Hace ya varios años que la salud le alejó físicamente de la redacción, pero estoy como si aún le viera cruzar la puerta y cumplir con sus rutinas. Las que le llevaban a quitarse con la mano derecha las gafas para poder leer de cerca y atento a algún artículo de algún periódico que sostenía en equilibrio con la izquierda, sin sentarse siquiera en una silla, descansando el cuerpo en la mesa de la redacción donde se apilan los periódicos del día... Y estoy como si le viera, también, exclamando con voz grave y enorme sonoridad «¡qué barbaridad!».

Lo diría hoy, seguro, por todo lo que se ha escrito y se sigue escribiendo de su figura, su trayectoria y su bonhomía, por mucho que él se definiera como un simple «gacetillero». Uno que, precisamente, enseñó a muchas promociones de redactores que el periodista nunca es noticia. Por eso exclamaría «¡qué barbaridad!» o «¡qué país, Miquelarena!», igual que lo hizo tantas y tantas veces en los años en los que su presencia en la redacción de la recién creada edición gijonesa de LA NUEVA ESPAÑA era un estímulo fundamental para un grupo de trabajadores jóvenes que intentaban hacer el periódico asturiano más presente en la vida local, y lo hacía a fuerza de combatir muchos sambenitos.

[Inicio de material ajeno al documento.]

lemma eta_conj_diag_matrix:
  fixes P Q :: "complex^'n^'n"
  assumes "P ** Q = mat 1" "Q ** P = mat 1"
  shows "eta (P ** diag_matrix d ** Q) t = P ** diag_matrix (\<lambda>a. exp (of_real t * d a)) ** Q"
  unfolding eta_def scaleR_conj_diag_matrix by (rule mexp_conj_diag_matrix[OF assms])

lemma eta_neg_mult_eta_conj_diag_matrix_component:
  fixes P1 Q1 P2 Q2 :: "complex^'n^'n"
  assumes inv1: "P1 ** Q1 = mat 1" "Q1 ** P1 = mat 1"
    and inv2: "P2 ** Q2 = mat 1" "Q2 ** P2 = mat 1"
  shows "(eta (- (P1 ** diag_matrix d1 ** Q1)) t ** eta (P2 ** diag_matrix d2 ** Q2) t) $ i $ j
    = (\<Sum>a\<in>UNIV. \<Sum>b\<in>UNIV.
        P1 $ i $ a * (Q1 ** P2) $ a $ b * Q2 $ b $ j * exp (of_real t * (d2 b - d1 a)))"
proof -
  let ?e1 = "\<lambda>a. exp (of_real (- t) * d1 a)" and ?e2 = "\<lambda>b. exp (of_real t * d2 b)"
  have "eta (- (P1 ** diag_matrix d1 ** Q1)) t ** eta (P2 ** diag_matrix d2 ** Q2) t
      = P1 ** (diag_matrix ?e1 ** (Q1 ** P2) ** diag_matrix ?e2) ** Q2"
    using eta_conj_diag_matrix[OF inv1, of d1 "- t"] eta_conj_diag_matrix[OF inv2, of d2 t]
    by (simp add: eta_def matrix_mul_assoc)
  then have "(eta (- (P1 ** diag_matrix d1 ** Q1)) t ** eta (P2 ** diag_matrix d2 ** Q2) t) $ i $ j
      = (\<Sum>a\<in>UNIV. \<Sum>b\<in>UNIV. P1 $ i $ a * (?e1 a * (Q1 ** P2) $ a $ b * ?e2 b) * Q2 $ b $ j)"
    by (simp only: matrix_mult_mult_component diag_matrix_mult_component mult_diag_matrix_component)
  moreover have phase: "?e1 a * ?e2 b = exp (of_real t * (d2 b - d1 a))" for a b
    by (simp add: exp_add[symmetric] algebra_simps)
  ultimately show ?thesis
    by (simp add: mult_ac flip: phase)
qed

lemma mexp_conj_diag_matrix_eq_imp_intertwiner:
  fixes P1 Q1 P2 Q2 :: "complex^'n^'n"
  assumes inv1: "P1 ** Q1 = mat 1" "Q1 ** P1 = mat 1"
    and inv2: "P2 ** Q2 = mat 1" "Q2 ** P2 = mat 1"
    and mexp_eq: "mexp (P1 ** diag_matrix d1 ** Q1) = mexp (P2 ** diag_matrix d2 ** Q2)"
  shows "diag_matrix (\<lambda>a. exp (d1 a)) ** (Q1 ** P2) = (Q1 ** P2) ** diag_matrix (\<lambda>a. exp (d2 a))"
proof -
  have "diag_matrix (\<lambda>a. exp (d1 a)) ** (Q1 ** P2)
      = (Q1 ** P1) ** diag_matrix (\<lambda>a. exp (d1 a)) ** (Q1 ** P2)"
    by (simp add: inv1)
  also have "\<dots> = Q1 ** (P1 ** diag_matrix (\<lambda>a. exp (d1 a)) ** Q1) ** P2"
    by (simp only: matrix_mul_assoc)
  also have "\<dots> = Q1 ** (P2 ** diag_matrix (\<lambda>a. exp (d2 a)) ** Q2) ** P2"
    using mexp_eq by (simp add: mexp_conj_diag_matrix inv1 inv2)
  also have "\<dots> = (Q1 ** P2) ** diag_matrix (\<lambda>a. exp (d2 a)) ** (Q2 ** P2)"
    by (simp only: matrix_mul_assoc)
  also have "\<dots> = (Q1 ** P2) ** diag_matrix (\<lambda>a. exp (d2 a))"
    by (simp add: inv2)
  finally show ?thesis .
qed

lemma laurent_path_conj_diag_matrix:
  fixes P1 Q1 P2 Q2 :: "complex^'n^'n"
  assumes inv1: "P1 ** Q1 = mat 1" "Q1 ** P1 = mat 1"
    and inv2: "P2 ** Q2 = mat 1" "Q2 ** P2 = mat 1"
    and mexp_eq: "mexp (P1 ** diag_matrix d1 ** Q1) = mexp (P2 ** diag_matrix d2 ** Q2)"
  shows "laurent_path (\<lambda>t. eta (- (P1 ** diag_matrix d1 ** Q1)) t ** eta (P2 ** diag_matrix d2 ** Q2) t)"
proof -
  define R where "R = Q1 ** P2"
  have "\<forall>x. \<exists>k::int.
      R $ fst x $ snd x \<noteq> 0 \<longrightarrow> d2 (snd x) - d1 (fst x) = 2 * pi * \<i> * of_int k"
    using diag_exp_intertwiner_freq[OF mexp_conj_diag_matrix_eq_imp_intertwiner[OF assms]]
    unfolding R_def by blast
  then obtain k :: "'n \<times> 'n \<Rightarrow> int"
    where k: "\<And>a b. R $ a $ b \<noteq> 0 \<Longrightarrow> d2 b - d1 a = 2 * pi * \<i> * of_int (k (a, b))"
    unfolding choice_iff by fastforce
  show ?thesis
  proof (rule laurent_path_finite_sum)
    fix t i j
    let ?E = "\<lambda>x. exp (2 * pi * \<i> * of_int (k x) * of_real t)"
    have "P1 $ i $ a * R $ a $ b * Q2 $ b $ j * exp (of_real t * (d2 b - d1 a))
        = P1 $ i $ a * R $ a $ b * Q2 $ b $ j * ?E (a, b)" for a b
      by (cases "R $ a $ b = 0") (simp_all add: k algebra_simps)
    then have "(eta (- (P1 ** diag_matrix d1 ** Q1)) t ** eta (P2 ** diag_matrix d2 ** Q2) t) $ i $ j
        = (\<Sum>a\<in>UNIV. \<Sum>b\<in>UNIV. P1 $ i $ a * R $ a $ b * Q2 $ b $ j * ?E (a, b))"
      unfolding eta_neg_mult_eta_conj_diag_matrix_component[OF inv1 inv2] R_def[symmetric]
      by (simp only:)
    also have "\<dots> = (\<Sum>x\<in>UNIV.
        (\<chi> i j. P1 $ i $ fst x * R $ fst x $ snd x * Q2 $ snd x $ j) $ i $ j * ?E x)"
      by (simp add: sum.cartesian_product split_def)
    finally show "(eta (- (P1 ** diag_matrix d1 ** Q1)) t ** eta (P2 ** diag_matrix d2 ** Q2) t) $ i $ j
        = (\<Sum>x\<in>UNIV.
            (\<chi> i j. P1 $ i $ fst x * R $ fst x $ snd x * Q2 $ snd x $ j) $ i $ j * ?E x)" .
  qed
qed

Ése es mi mayor recuerdo, el de su estímulo. Contaba Las Nuevas Españas que veía bajo el brazo de los caminantes con los que se cruzaba por la calle Corrida en su ruta hacia la redacción y si lo hacía no era por vanidad o por regalarle los oídos a Fernando Canellada, era sólo para dar su apoyo al trabajo diario de aquel equipo. Nos felicitaba por aquella nota, reportaje o por el simple breve que firmábamos ese día -aunque no recordase cuál era, que también podía pasar-, elogiando con ello, sobre todo, el interés que suponía nuestra aportación para los lectores.

Educado hasta el extremo, Juan Ramón Pérez Las Clotas era todo un señor desde el saludo al vestir, al que los más jóvenes sólo le oíamos perder los nervios cuando algún «gran pelmazo», dicho con todo el respeto del mundo, interrumpía de forma reiterada su sesión de trabajo y su concentración. Pero lo mejor eran sus enseñanzas. En un tiempo en que ya no se disfrutaba de su presencia en la redacción a jornada completa, esas enseñanzas alcanzaban a ser sustanciales apuntes en cuanto al estilo periodístico, al rigor o a la importancia del lenguaje elegante sin demasiadas florituras. Pero también, y sobre todo, llegaban sus enseñanzas al fondo de lo que supone el ejercicio del periodismo en una edición local. «Muy interesante el reportaje de hoy, señorita. ¿A qué familia dice que pertenece el chico?», comentaba con absoluta amabilidad, que escondía la fina crítica por haber obviado el barrio, el segundo apellido o las referencias familiares del protagonista de la noticia.

Habiendo sido un periodista de mundo y largo recorrido, nunca dio a entender que una nota fuera menos importante que un editorial; nos puso en el rumbo de lo que interesa, o interesa menos, al gijonés que compra el periódico y jamás daba un dato que no supiera, por mucho que con esa evasiva nos complicara la vida y nos obligara a nuevas llamadas para confirmarlo; hasta para cosas absolutamente mundanas prefería orientarnos hacia alguien que pudiera ser una fuente más segura, como su hermana Mari Carmen.

Nos hizo sentir la importancia de una buena necrológica a quienes pensábamos que los obituarios eran un género en extinción. Y nos permitió compartir, además, un periodismo muy atractivo, ejercido a base de tertulias en los bares y en los despachos, con muchas citas a los clásicos y a los grandes episodios de la historia española, aliñado todo con muchos «güisquitos» por su parte y por la nuestra, muchas Coca-colas. Porque para tu sorpresa, Clotas, las nuevas generaciones rozábamos la condición de abstemios. Y ahora es cuando podría resonar tu enorme carcajada.